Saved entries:
____

(* For each $n\in\mathbb{N}$, the $\mathbb{Z}$-linear map $\mathbf{f}_n:QSymm\to QSymm$ given on compositions by $\mathbf{f}_n([a_1,\dots,a_m])=[na_1,\dots,na_m]$ is a Hopf algebra endomorphism of $QSymm$; $\mathbf{f}_1=\mathrm{id}$, $\mathbf{f}_n\mathbf{f}_m=\mathbf{f}_{nm}$; $\mathbf{f}_n$ maps the subring $Symm\subset QSymm$ of symmetric functions into itself, where it acts as the Frobenius operator determined by $\mathbf{f}_n(p_k)=p_{nk}$ on the power sums $p_k=\sum_i X_i^k$; and for every prime $p$ and every $x\in QSymm$, $\mathbf{f}_p(x)\equiv x^p \pmod{p\,QSymm}$. *)

theory Defs
  imports "HOL-Library.Poly_Mapping" "HOL-Computational_Algebra.Primes"
begin

text \<open>QSymm over the integers, modelled as the free abelian group on compositions,
  an element being its expansion in the monomial quasisymmetric basis M_alpha.\<close>

type_synonym qsym = "nat list \<Rightarrow>\<^sub>0 int"
type_synonym qsym2 = "(nat list \<times> nat list) \<Rightarrow>\<^sub>0 int"   \<comment> \<open>QSymm tensor QSymm\<close>

definition is_composition :: "nat list \<Rightarrow> bool" where
  "is_composition a \<longleftrightarrow> 0 \<notin> set a"

definition in_QSymm :: "qsym \<Rightarrow> bool" where
  "in_QSymm x \<longleftrightarrow> (\<forall>a \<in> Poly_Mapping.keys x. is_composition a)"

definition in_QSymm2 :: "qsym2 \<Rightarrow> bool" where
  "in_QSymm2 t \<longleftrightarrow> (\<forall>(a,b) \<in> Poly_Mapping.keys t. is_composition a \<and> is_composition b)"

fun qshuffle :: "nat list \<Rightarrow> nat list \<Rightarrow> qsym" where
  "qshuffle [] b = frag_of b"
| "qshuffle a [] = frag_of a"
| "qshuffle (x # a) (y # b) =
     frag_extend (\<lambda>c. frag_of (x # c)) (qshuffle a (y # b))
   + frag_extend (\<lambda>c. frag_of (y # c)) (qshuffle (x # a) b)
   + frag_extend (\<lambda>c. frag_of ((x + y) # c)) (qshuffle a b)"

definition qone :: qsym where "qone = frag_of []"

definition qmult :: "qsym \<Rightarrow> qsym \<Rightarrow> qsym" where
  "qmult x y = frag_extend (\<lambda>a. frag_extend (\<lambda>b. qshuffle a b) y) x"

fun qpow :: "qsym \<Rightarrow> nat \<Rightarrow> qsym" where
  "qpow x 0 = qone"
| "qpow x (Suc k) = qmult x (qpow x k)"

definition qcoprod :: "qsym \<Rightarrow> qsym2" where
  "qcoprod x = frag_extend (\<lambda>a. \<Sum>i\<in>{0..length a}. frag_of (take i a, drop i a)) x"

definition qcounit :: "qsym \<Rightarrow> int" where
  "qcounit x = Poly_Mapping.lookup x []"

definition qtensor :: "qsym \<Rightarrow> qsym \<Rightarrow> qsym2" where
  "qtensor u v = frag_extend (\<lambda>a. frag_extend (\<lambda>b. frag_of (a, b)) v) u"

definition tensor_map :: "(qsym \<Rightarrow> qsym) \<Rightarrow> qsym2 \<Rightarrow> qsym2" where
  "tensor_map f t = frag_extend (\<lambda>(a, b). qtensor (f (frag_of a)) (f (frag_of b))) t"

text \<open>Hopf algebra (= bialgebra) endomorphism of QSymm: a Z-linear map QSymm to QSymm
  preserving unit, product, coproduct and counit.\<close>
definition hopf_endo :: "(qsym \<Rightarrow> qsym) \<Rightarrow> bool" where
  "hopf_endo f \<longleftrightarrow>
     (\<forall>x. in_QSymm x \<longrightarrow> in_QSymm (f x))
   \<and> (\<forall>x y. in_QSymm x \<longrightarrow> in_QSymm y \<longrightarrow> f (x + y) = f x + f y)
   \<and> (\<forall>c x. in_QSymm x \<longrightarrow> f (frag_cmul c x) = frag_cmul c (f x))
   \<and> f qone = qone
   \<and> (\<forall>x y. in_QSymm x \<longrightarrow> in_QSymm y \<longrightarrow> f (qmult x y) = qmult (f x) (f y))
   \<and> (\<forall>x. in_QSymm x \<longrightarrow> qcoprod (f x) = tensor_map f (qcoprod x))
   \<and> (\<forall>x. in_QSymm x \<longrightarrow> qcounit (f x) = qcounit x)"

definition frob :: "nat \<Rightarrow> qsym \<Rightarrow> qsym" where
  "frob n x = frag_extend (\<lambda>a. frag_of (map (\<lambda>ai. n * ai) a)) x"

text \<open>Symm inside QSymm: quasisymmetric functions whose M-coefficients are invariant
  under rearrangement of the composition (i.e. integer combinations of the
  monomial symmetric functions m_lambda).\<close>
definition in_Symm :: "qsym \<Rightarrow> bool" where
  "in_Symm x \<longleftrightarrow> in_QSymm x \<and> (\<forall>a b. mset a = mset b \<longrightarrow> Poly_Mapping.lookup x a = Poly_Mapping.lookup x b)"

text \<open>Power sum p_k = sum_i X_i^k = M_[k].\<close>
definition psum :: "nat \<Rightarrow> qsym" where
  "psum k = frag_of [k]"

definition divisible_by :: "nat \<Rightarrow> qsym \<Rightarrow> bool" where
  "divisible_by p z \<longleftrightarrow> (\<forall>a. int p dvd Poly_Mapping.lookup z a)"

end

theory Submission
  imports Defs
begin

text \<open>The maps f_n are Hopf endomorphisms because multiplying every part of a composition
  by n commutes with quasi-shuffling and with deconcatenation.
  For the congruence, evaluate QSymm in the polynomial ring Z[X_0, ..., X_(N-1)], sending M_a
  to the sum of X_(i_1)^(a_1) ... X_(i_m)^(a_m) over all i_1 < ... < i_m. This is a ring
  homomorphism, and it sends f_p(M_a) to M_a(X_0^p, ..., X_(N-1)^p), which is congruent to
  M_a^p modulo p by the freshman's dream. For N >= m the coefficient of
  X_0^(a_1) ... X_(m-1)^(a_m) in the image of x is the coefficient of M_a in x, so every
  coefficient of f_p(x) - x^p is divisible by p.\<close>

section \<open>Congruences modulo an integer in a commutative ring\<close>

definition ring_cong :: "nat \<Rightarrow> 'a::comm_ring_1 \<Rightarrow> 'a \<Rightarrow> bool" where
  "ring_cong p a b \<longleftrightarrow> of_nat p dvd a - b"

lemma ring_cong_refl [simp]: "ring_cong p a a"
  by (simp add: ring_cong_def)

lemma ring_cong_sym: "ring_cong p a b \<Longrightarrow> ring_cong p b a"
  unfolding ring_cong_def by (metis dvd_minus_iff minus_diff_eq)

lemma ring_cong_trans [trans]: "ring_cong p a b \<Longrightarrow> ring_cong p b c \<Longrightarrow> ring_cong p a c"
  unfolding ring_cong_def by (drule (1) dvd_add) simp

lemma ring_cong_add: "ring_cong p a b \<Longrightarrow> ring_cong p c d \<Longrightarrow> ring_cong p (a + c) (b + d)"
  unfolding ring_cong_def by (drule (1) dvd_add) (simp add: algebra_simps)

lemma ring_cong_diff: "ring_cong p a b \<Longrightarrow> ring_cong p c d \<Longrightarrow> ring_cong p (a - c) (b - d)"
  unfolding ring_cong_def by (drule (1) dvd_diff) (simp add: algebra_simps)

lemma ring_cong_mult: "ring_cong p a b \<Longrightarrow> ring_cong p c d \<Longrightarrow> ring_cong p (a * c) (b * d)"
proof -
  assume "ring_cong p a b" "ring_cong p c d"
  then have "of_nat p dvd (a - b) * c + b * (c - d)"
    unfolding ring_cong_def by (intro dvd_add dvd_mult dvd_mult2)
  then show ?thesis
    by (simp add: ring_cong_def algebra_simps)
qed

lemma ring_cong_sum: "(\<And>i. i \<in> A \<Longrightarrow> ring_cong p (f i) (g i)) \<Longrightarrow> ring_cong p (sum f A) (sum g A)"
  by (induction A rule: infinite_finite_induct) (auto intro: ring_cong_add)

lemma freshmans_dream_cong:
  fixes x y :: "'a::comm_ring_1"
  assumes "prime p"
  shows "ring_cong p ((x + y) ^ p) (x ^ p + y ^ p)"
proof -
  let ?t = "\<lambda>k. of_nat (p choose k) * x ^ k * y ^ (p - k) :: 'a"
  have "p > 0"
    using assms prime_gt_0_nat by blast
  have "(x + y) ^ p = (\<Sum>k\<le>p. ?t k)"
    by (rule binomial_ring)
  also have "\<dots> = (\<Sum>k\<in>{0, p}. ?t k) + (\<Sum>k\<in>{..p} - {0, p}. ?t k)"
    by (subst sum.subset_diff[of "{0, p}"]) auto
  also have "(\<Sum>k\<in>{0, p}. ?t k) = x ^ p + y ^ p"
    using \<open>p > 0\<close> by (simp add: add.commute)
  finally have expand: "(x + y) ^ p - (x ^ p + y ^ p) = (\<Sum>k\<in>{..p} - {0, p}. ?t k)"
    by simp
  have "of_nat p dvd (\<Sum>k\<in>{..p} - {0, p}. ?t k)"
  proof (rule dvd_sum)
    fix k assume "k \<in> {..p} - {0, p}"
    then have "p dvd p choose k"
      using assms by (intro dvd_choose_prime) auto
    then obtain q where "p choose k = p * q" ..
    then show "of_nat p dvd ?t k"
      by (simp add: mult.assoc)
  qed
  then show ?thesis
    by (simp add: ring_cong_def expand)
qed

lemma freshmans_dream_diff_cong:
  fixes x y :: "'a::comm_ring_1"
  assumes "prime p"
  shows "ring_cong p ((x - y) ^ p) (x ^ p - y ^ p)"
proof -
  have "ring_cong p (((x - y) + y) ^ p - y ^ p) ((x - y) ^ p + y ^ p - y ^ p)"
    using freshmans_dream_cong[OF assms] by (rule ring_cong_diff) simp
  then show ?thesis
    by (simp add: ring_cong_sym)
qed

lemma freshmans_dream_sum_cong:
  fixes f :: "'b \<Rightarrow> 'a::comm_ring_1"
  assumes "prime p"
  shows "ring_cong p (sum f A ^ p) (\<Sum>i\<in>A. f i ^ p)"
proof (induction A rule: infinite_finite_induct)
  case (insert i A)
  have "ring_cong p ((f i + sum f A) ^ p) (f i ^ p + sum f A ^ p)"
    by (rule freshmans_dream_cong[OF assms])
  also have "ring_cong p (f i ^ p + sum f A ^ p) (f i ^ p + (\<Sum>i\<in>A. f i ^ p))"
    using insert.IH by (rule ring_cong_add[OF ring_cong_refl])
  finally show ?case
    using insert.hyps by simp
qed (use assms prime_gt_0_nat in \<open>simp_all add: power_0_left\<close>)
lemma sphere_flux_logit_post_tendsto_0:
  fixes x :: "nat \<Rightarrow> real ^ 'd" and a :: "real ^ 'd"
  assumes unique_max: "\<exists>!b. \<forall>\<beta>. logit_lik n x \<beta> \<le> logit_lik n x b"
  shows "((\<lambda>\<rho>. \<integral>\<beta>. logit_post n x \<beta> * (a \<bullet> (\<beta> /\<^sub>R \<rho>)) \<partial>sphere_measure \<rho>) \<longlongrightarrow> 0) at_top"
proof -
  obtain c where "c > 0" and decay: "\<And>\<beta>. logit_lik n x \<beta> \<le> exp (- c * norm \<beta>)"
    using logit_lik_exp_decay[OF unique_max] by blast
  define D where "D = CARD('d)"
  define M where "M = real D * (norm a / (\<integral>b. logit_lik n x b \<partial>lborel)) * unit_ball_vol (real D)"
  define bound where "bound \<rho> = M / \<rho> * exp (- c * \<rho>) * \<rho> ^ D" for \<rho>
  have "eventually (\<lambda>\<rho>. norm (\<integral>\<beta>. logit_post n x \<beta> * (a \<bullet> (\<beta> /\<^sub>R \<rho>)) \<partial>sphere_measure \<rho>)
          \<le> bound \<rho>) at_top"
    using eventually_gt_at_top[of 0]
  proof eventually_elim
    case (elim \<rho>)
    from abs_sphere_flux_logit_post_le[OF elim decay, of a]
    show ?case
      by (simp add: bound_def M_def D_def ac_simps)
  qed
  moreover have "(bound \<longlongrightarrow> 0) at_top"
    unfolding bound_def using \<open>c > 0\<close> by real_asymp
  ultimately show ?thesis
    by (rule Lim_null_comparison)
qed
lemma odd_pos_int_induct [consumes 2, case_names one prime_mult]:
  assumes "(n::int) > 0" "odd n" "P 1"
    and "\<And>p x. prime p \<Longrightarrow> p > 2 \<Longrightarrow> x > 0 \<Longrightarrow> odd x \<Longrightarrow> P x \<Longrightarrow> P (p * x)"
  shows "P n"
proof -
  have "n > 0 \<longrightarrow> odd n \<longrightarrow> P n"
  proof (induction n rule: prime_divisors_induct)
    case (unit x)
    then have "x = 1 \<or> x = -1" by auto
    then show ?case using assms(3) by auto
  next
    case (factor p x)
    show ?case
    proof (intro impI)
      assume "p * x > 0" "odd (p * x)"
      moreover have "p > 0" "p \<noteq> 2" using factor(1) \<open>odd (p * x)\<close> by (auto simp: prime_gt_0_int)
      ultimately have "x > 0" "odd x" "p > 2"
        using prime_ge_2_int[OF factor(1)] by (auto simp: zero_less_mult_iff)
      then show "P (p * x)" using assms(4)[OF factor(1)] factor(2) by blast
    qed
  qed simp
  then show ?thesis using assms by blast
qed

lemma jacobi_prime_mult_right:
  "prime (p::int) \<Longrightarrow> x \<noteq> 0 \<Longrightarrow> jacobi m (p * x) = Legendre m p * jacobi m x"
  by (simp add: jacobi_mult_right jacobi_prime_right)

lemma jacobi_mult_left:
  assumes "(n::int) > 0" "odd n"
  shows "jacobi (a * b) n = jacobi a n * jacobi b n"
  using assms
proof (induction n rule: odd_pos_int_induct)
  case (prime_mult p x)
  then show ?case by (simp add: jacobi_prime_mult_right Legendre_mult)
qed simp

lemma odd_mult_mod4_eq_3:
  assumes "odd (p::int)" "odd x"
  shows "(p * x) mod 4 = 3 \<longleftrightarrow> (p mod 4 = 3 \<longleftrightarrow> x mod 4 \<noteq> 3)"
proof -
  have "p mod 4 = 1 \<or> p mod 4 = 3" "x mod 4 = 1 \<or> x mod 4 = 3"
    using assms by presburger+
  moreover have "(p * x) mod 4 = (p mod 4) * (x mod 4) mod 4" by (simp add: mod_mult_eq)
  ultimately show ?thesis by auto
qed

lemma jacobi_minus_one_left:
  assumes "(n::int) > 0" "odd n"
  shows "jacobi (-1) n = (if n mod 4 = 3 then -1 else 1)"
  using assms
proof (induction n rule: odd_pos_int_induct)
  case (prime_mult p x)
  then have "odd p" by (simp add: prime_odd_int)
  with prime_mult show ?case
    by (simp add: jacobi_prime_mult_right Legendre_minus_one odd_mult_mod4_eq_3)
qed simp

lemma jacobi_reciprocity_prime:
  assumes "prime (q::int)" "q > 2" "n > 0" "odd n" "coprime q n"
  shows "jacobi q n * jacobi n q = (if q mod 4 = 3 \<and> n mod 4 = 3 then -1 else 1)"
  using assms(3-5)
proof (induction n rule: odd_pos_int_induct)
  case (prime_mult p x)
  then have "coprime q p" "coprime q x" by auto
  then have "p \<noteq> q" using assms(1) by (metis coprime_self not_prime_unit)
  have "odd p" using prime_mult by (simp add: prime_odd_int)
  have "jacobi q (p * x) = Legendre q p * jacobi q x"
    using prime_mult by (simp add: jacobi_prime_mult_right)
  moreover have "jacobi (p * x) q = Legendre p q * jacobi x q"
    using assms(1,2) by (simp add: jacobi_prime_right Legendre_mult)
  ultimately have "jacobi q (p * x) * jacobi (p * x) q
                   = (Legendre q p * Legendre p q) * (jacobi q x * jacobi x q)"
    by (simp only: ac_simps)
  also have "\<dots> = (if q mod 4 = 3 \<and> p mod 4 = 3 then -1 else 1)
                  * (if q mod 4 = 3 \<and> x mod 4 = 3 then -1 else 1)"
    using Legendre_reciprocity[of q p] prime_mult.IH[OF \<open>coprime q x\<close>]
      assms(1,2) prime_mult.hyps(1,2) \<open>p \<noteq> q\<close>
    by simp
  finally show ?case using odd_mult_mod4_eq_3[OF \<open>odd p\<close> \<open>odd x\<close>] by auto
qed simp

lemma jacobi_reciprocity:
  assumes "(m::int) > 0" "odd m" "n > 0" "odd n" "coprime m n"
  shows "jacobi m n * jacobi n m = (if m mod 4 = 3 \<and> n mod 4 = 3 then -1 else 1)"
  using assms(1,2,5)
proof (induction m rule: odd_pos_int_induct)
  case (prime_mult p x)
  then have "coprime p n" "coprime x n" "odd p" by (auto simp: prime_odd_int)
  have "jacobi (p * x) n = jacobi p n * jacobi x n"
    using assms(3,4) by (rule jacobi_mult_left)
  moreover have "jacobi n (p * x) = jacobi n p * jacobi n x"
    using prime_mult by (simp add: jacobi_mult_right)
  ultimately have "jacobi (p * x) n * jacobi n (p * x)
                   = (jacobi p n * jacobi n p) * (jacobi x n * jacobi n x)"
    by (simp only: ac_simps)
  also have "\<dots> = (if p mod 4 = 3 \<and> n mod 4 = 3 then -1 else 1)
                  * (if x mod 4 = 3 \<and> n mod 4 = 3 then -1 else 1)"
    using jacobi_reciprocity_prime[OF _ _ assms(3,4) \<open>coprime p n\<close>]
      prime_mult.IH[OF \<open>coprime x n\<close>] prime_mult.hyps(1,2)
    by simp
  finally show ?case using odd_mult_mod4_eq_3[OF \<open>odd p\<close> \<open>odd x\<close>] by auto
qed simp

section \<open>Jacobi symbols of convergents\<close>

lemma cf_num_den_det: "cf_num a (Suc k) * cf_den a k - cf_num a k * cf_den a (Suc k) = (-1) ^ k"
proof (induction k)
  case (Suc k)
  have "cf_num a (Suc (Suc k)) * cf_den a (Suc k) - cf_num a (Suc k) * cf_den a (Suc (Suc k))
        = - (cf_num a (Suc k) * cf_den a k - cf_num a k * cf_den a (Suc k))"
    by (simp add: algebra_simps)
  then show ?case using Suc.IH by simp
qed simp

lemma coprime_cf_den_Suc: "coprime (cf_den a k) (cf_den a (Suc k))"
proof (rule coprimeI)
  fix c assume "c dvd cf_den a k" "c dvd cf_den a (Suc k)"
  then have "c dvd (-1) ^ k" unfolding cf_num_den_det[of a k, symmetric] by simp
  then show "is_unit c" by (rule dvd_unit_imp_unit) simp
qed

lemma cf_den_pos:
  assumes "\<And>i. 0 < a i"
  shows "0 < cf_den a k"
proof (induction k rule: induct_nat_012)
  case (ge2 k)
  then show ?case using assms[of "Suc (Suc k)"] by (simp add: add_pos_pos)
qed (use assms[of 1] in simp_all)

lemma jacobi_cf_den_Suc:
  assumes pos: "\<And>i. 0 < a i" and odd: "\<And>k. odd (cf_den a k)"
    and not_both_3: "\<And>k. \<not> (cf_den a k mod 4 = 3 \<and> cf_den a (Suc k) mod 4 = 3)"
  shows "jacobi (cf_den a k) (cf_den a (Suc k)) = 1"
proof (induction k)
  case (Suc k)
  let ?t = "cf_den a"
  have "[?t (Suc (Suc k)) = ?t k] (mod ?t (Suc k))"
    by (simp add: cong_iff_dvd_diff)
  then have "jacobi (?t (Suc (Suc k))) (?t (Suc k)) = 1"
    using Suc.IH jacobi_cong by metis
  moreover have "jacobi (?t (Suc k)) (?t (Suc (Suc k))) * jacobi (?t (Suc (Suc k))) (?t (Suc k)) = 1"
    using jacobi_reciprocity[of "?t (Suc k)" "?t (Suc (Suc k))"] not_both_3[of "Suc k"]
      cf_den_pos[OF pos] odd coprime_cf_den_Suc
    by (simp del: cf_den.simps)
  ultimately show ?case by simp
qed simp

lemma jacobi_cf_num_den:
  assumes pos: "\<And>i. 0 < a i" and odd: "\<And>k. odd (cf_den a k)"
    and not_both_3: "\<And>k. \<not> (cf_den a k mod 4 = 3 \<and> cf_den a (Suc k) mod 4 = 3)"
  shows "jacobi (cf_num a k) (cf_den a k) = (if even k \<and> cf_den a k mod 4 = 3 then -1 else 1)"
proof (cases k)
  case (Suc m)
  let ?s = "cf_num a" and ?t = "cf_den a"
  have t_pos: "0 < ?t (Suc m)" by (rule cf_den_pos[OF pos])
  have "?s (Suc m) * ?t m - (-1) ^ m = ?s m * ?t (Suc m)"
    using cf_num_den_det[of a m] by simp
  then have "[?s (Suc m) * ?t m = (-1) ^ m] (mod ?t (Suc m))"
    by (simp add: cong_iff_dvd_diff)
  then have "jacobi (?s (Suc m)) (?t (Suc m)) * jacobi (?t m) (?t (Suc m))
             = jacobi ((-1) ^ m) (?t (Suc m))"
    using jacobi_cong jacobi_mult_left[OF t_pos odd] by metis
  then have "jacobi (?s (Suc m)) (?t (Suc m)) = jacobi ((-1) ^ m) (?t (Suc m))"
    using jacobi_cf_den_Suc[OF assms] by simp
  then show ?thesis
    using Suc jacobi_minus_one_left[OF t_pos odd] by (cases "even m") auto
qed simp

definition sign_digits :: "nat set \<Rightarrow> nat \<Rightarrow> int" where
  "sign_digits S k = (if k < 2 then 1 else if (k \<in> S) = (k - 2 \<in> S) then 4 else 2)"

lemma sign_digits_range: "sign_digits S k \<in> {1..4}"
  by (simp add: sign_digits_def)

lemma sign_digits_pos: "0 < sign_digits S k"
  by (simp add: sign_digits_def)

lemma cf_den_sign_digits_mod_4:
  assumes S: "\<And>k. k \<in> S \<Longrightarrow> even k \<and> 0 < k"
  shows "cf_den (sign_digits S) k mod 4 = (if k \<in> S then 3 else 1)"
proof (induction k rule: induct_nat_012)
  case (ge2 k)
  let ?t = "cf_den (sign_digits S)"
  have "?t (Suc k) mod 4 = 1 \<or> ?t (Suc k) mod 4 = 3" using ge2.IH(2) by simp
  then have "odd (?t (Suc k))" by presburger
  have rec: "?t (Suc (Suc k)) = sign_digits S (Suc (Suc k)) * ?t (Suc k) + ?t k" by simp
  show ?case
  proof (cases "(Suc (Suc k) \<in> S) = (k \<in> S)")
    case True
    then have "?t (Suc (Suc k)) = 4 * ?t (Suc k) + ?t k" by (simp add: rec sign_digits_def)
    then have "?t (Suc (Suc k)) mod 4 = ?t k mod 4" by presburger
    then show ?thesis using ge2.IH(1) True by (simp del: cf_den.simps)
  next
    case False
    then have "?t (Suc (Suc k)) = 2 * ?t (Suc k) + ?t k" by (simp add: rec sign_digits_def)
    then have "?t (Suc (Suc k)) mod 4 = (?t k + 2) mod 4" using \<open>odd (?t (Suc k))\<close> by presburger
    also have "\<dots> = (?t k mod 4 + 2) mod 4" by (simp add: mod_add_left_eq)
    finally show ?thesis using ge2.IH(1) False by (auto simp del: cf_den.simps)
  qed
qed (use S[of 0] S[of 1] in \<open>auto simp: sign_digits_def\<close>)

lemma jacobi_seq_sign_digits:
  assumes S: "\<And>k. k \<in> S \<Longrightarrow> even k \<and> 0 < k" and x: "cf_digit x = sign_digits S"
  shows "jacobi_seq x k = Some (if k \<in> S then -1 else 1)"
proof -
  let ?t = "cf_den (sign_digits S)"
  have mod_4: "?t k mod 4 = (if k \<in> S then 3 else 1)" for k
    by (rule cf_den_sign_digits_mod_4[OF S])
  have odd: "odd (?t k)" for k
  proof -
    have "?t k mod 4 = 1 \<or> ?t k mod 4 = 3" using mod_4[of k] by simp
    then show ?thesis by presburger
  qed
  have "\<not> (?t k mod 4 = 3 \<and> ?t (Suc k) mod 4 = 3)" for k
    using mod_4[of k] mod_4[of "Suc k"] S[of k] S[of "Suc k"] by auto
  then have "jacobi (cf_num (sign_digits S) k) (?t k) = (if k \<in> S then -1 else 1)"
    using jacobi_cf_num_den[OF sign_digits_pos odd] mod_4[of k] S[of k] by auto
  then show ?thesis using odd x by (simp add: jacobi_seq_def)
qed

____

The task:
The lines to return are those in the entries above that hold "thesis".

Solution to this exercise:
  then show ?thesis
  then show ?thesis
  then show ?thesis
  ultimately show ?thesis
  then show ?thesis using assms by blast
  ultimately show ?thesis by auto
  then show ?thesis
    then show ?thesis using ge2.IH(1) True by (simp del: cf_den.simps)
    finally show ?thesis using ge2.IH(1) False by (auto simp del: cf_den.simps)
    then show ?thesis by presburger
  then show ?thesis using odd x by (simp add: jacobi_seq_def)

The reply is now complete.